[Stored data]

(* Let $P$ and $Q$ be probability distributions on a countable password space $\mathcal{PW}$ (discrete case) such that $Q(pw)>0$ whenever $P(pw)>0$, and let $k\ge 2$. Define $G(x)=\Pr_{pw\gets Q}\!\left[\frac{P(pw)}{Q(pw)}\le x\right]$ and $G(x^-)=\Pr_{pw\gets Q}\!\left[\frac{P(pw)}{Q(pw)}< x\right]$. Then the flatness satisfies $$\epsilon(1)=\sum_{x}\frac{1}{k}\,x\left[G^{k}(x)-G^{k}(x^-)\right],$$ where the sum ranges over the values $x$ taken by $P(pw)/Q(pw)$ for $pw$ with $Q(pw)>0$.
   Context: The flatness game $FlatGame^{P,Q,k}_{\mathcal{A}}(n)$: sample a password $pw\gets P$ and $k-1$ honeywords independently from $Q$; form the list of these $k$ words and shuffle it uniformly at random. The attacker $\mathcal{A}$ (any probabilistic Turing machine, which may know $P$ and $Q$) receives the shuffled list and outputs $n$ guesses (positions in the list); it wins if the position holding $pw$ is among its guesses. $\epsilon(1)=\max_{\mathcal{A}}\Pr[FlatGame^{P,Q,k}_{\mathcal{A}}(1)=1]$ is the flatness. *)

theory Defs
  imports "HOL-Probability.Probability" "HOL-Combinatorics.Permutations"
begin

text \<open>The true password pw is drawn from P,
  k-1 honeywords are drawn i.i.d. from Q, the list pw # honeywords is shuffled by a
  uniformly random permutation sigma of the positions {0..<k} (position j of the shuffled
  list holds the entry sigma j of the original list), so the true password sits at position
  inv sigma 0.  The attacker is an arbitrary randomized map from the shuffled list to a list
  of guesses (positions).\<close>

definition FlatGame :: "'a pmf \<Rightarrow> 'a pmf \<Rightarrow> nat \<Rightarrow> ('a list \<Rightarrow> nat list pmf) \<Rightarrow> bool pmf" where
  "FlatGame P Q k A = do {
     pw \<leftarrow> P;
     hs \<leftarrow> replicate_pmf (k - 1) Q;
     \<sigma> \<leftarrow> pmf_of_set {\<sigma>. \<sigma> permutes {..<k}};
     guesses \<leftarrow> A (map (\<lambda>j. (pw # hs) ! \<sigma> j) [0..<k]);
     return_pmf (inv \<sigma> 0 \<in> set guesses)
   }"

definition valid_attacker :: "nat \<Rightarrow> ('a list \<Rightarrow> nat list pmf) \<Rightarrow> bool" where
  "valid_attacker n A \<longleftrightarrow> (\<forall>L. \<forall>g \<in> set_pmf (A L). length g = n)"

Task details: With the first line of the records as the start and the line holding "k-1 honeywords are" as the end, please copy exactly those lines and no others.

Solution to this task:
(* Let $P$ and $Q$ be probability distributions on a countable password space $\mathcal{PW}$ (discrete case) such that $Q(pw)>0$ whenever $P(pw)>0$, and let $k\ge 2$. Define $G(x)=\Pr_{pw\gets Q}\!\left[\frac{P(pw)}{Q(pw)}\le x\right]$ and $G(x^-)=\Pr_{pw\gets Q}\!\left[\frac{P(pw)}{Q(pw)}< x\right]$. Then the flatness satisfies $$\epsilon(1)=\sum_{x}\frac{1}{k}\,x\left[G^{k}(x)-G^{k}(x^-)\right],$$ where the sum ranges over the values $x$ taken by $P(pw)/Q(pw)$ for $pw$ with $Q(pw)>0$.
   Context: The flatness game $FlatGame^{P,Q,k}_{\mathcal{A}}(n)$: sample a password $pw\gets P$ and $k-1$ honeywords independently from $Q$; form the list of these $k$ words and shuffle it uniformly at random. The attacker $\mathcal{A}$ (any probabilistic Turing machine, which may know $P$ and $Q$) receives the shuffled list and outputs $n$ guesses (positions in the list); it wins if the position holding $pw$ is among its guesses. $\epsilon(1)=\max_{\mathcal{A}}\Pr[FlatGame^{P,Q,k}_{\mathcal{A}}(1)=1]$ is the flatness. *)

theory Defs
  imports "HOL-Probability.Probability" "HOL-Combinatorics.Permutations"
begin

text \<open>The true password pw is drawn from P,
  k-1 honeywords are drawn i.i.d. from Q, the list pw # honeywords is shuffled by a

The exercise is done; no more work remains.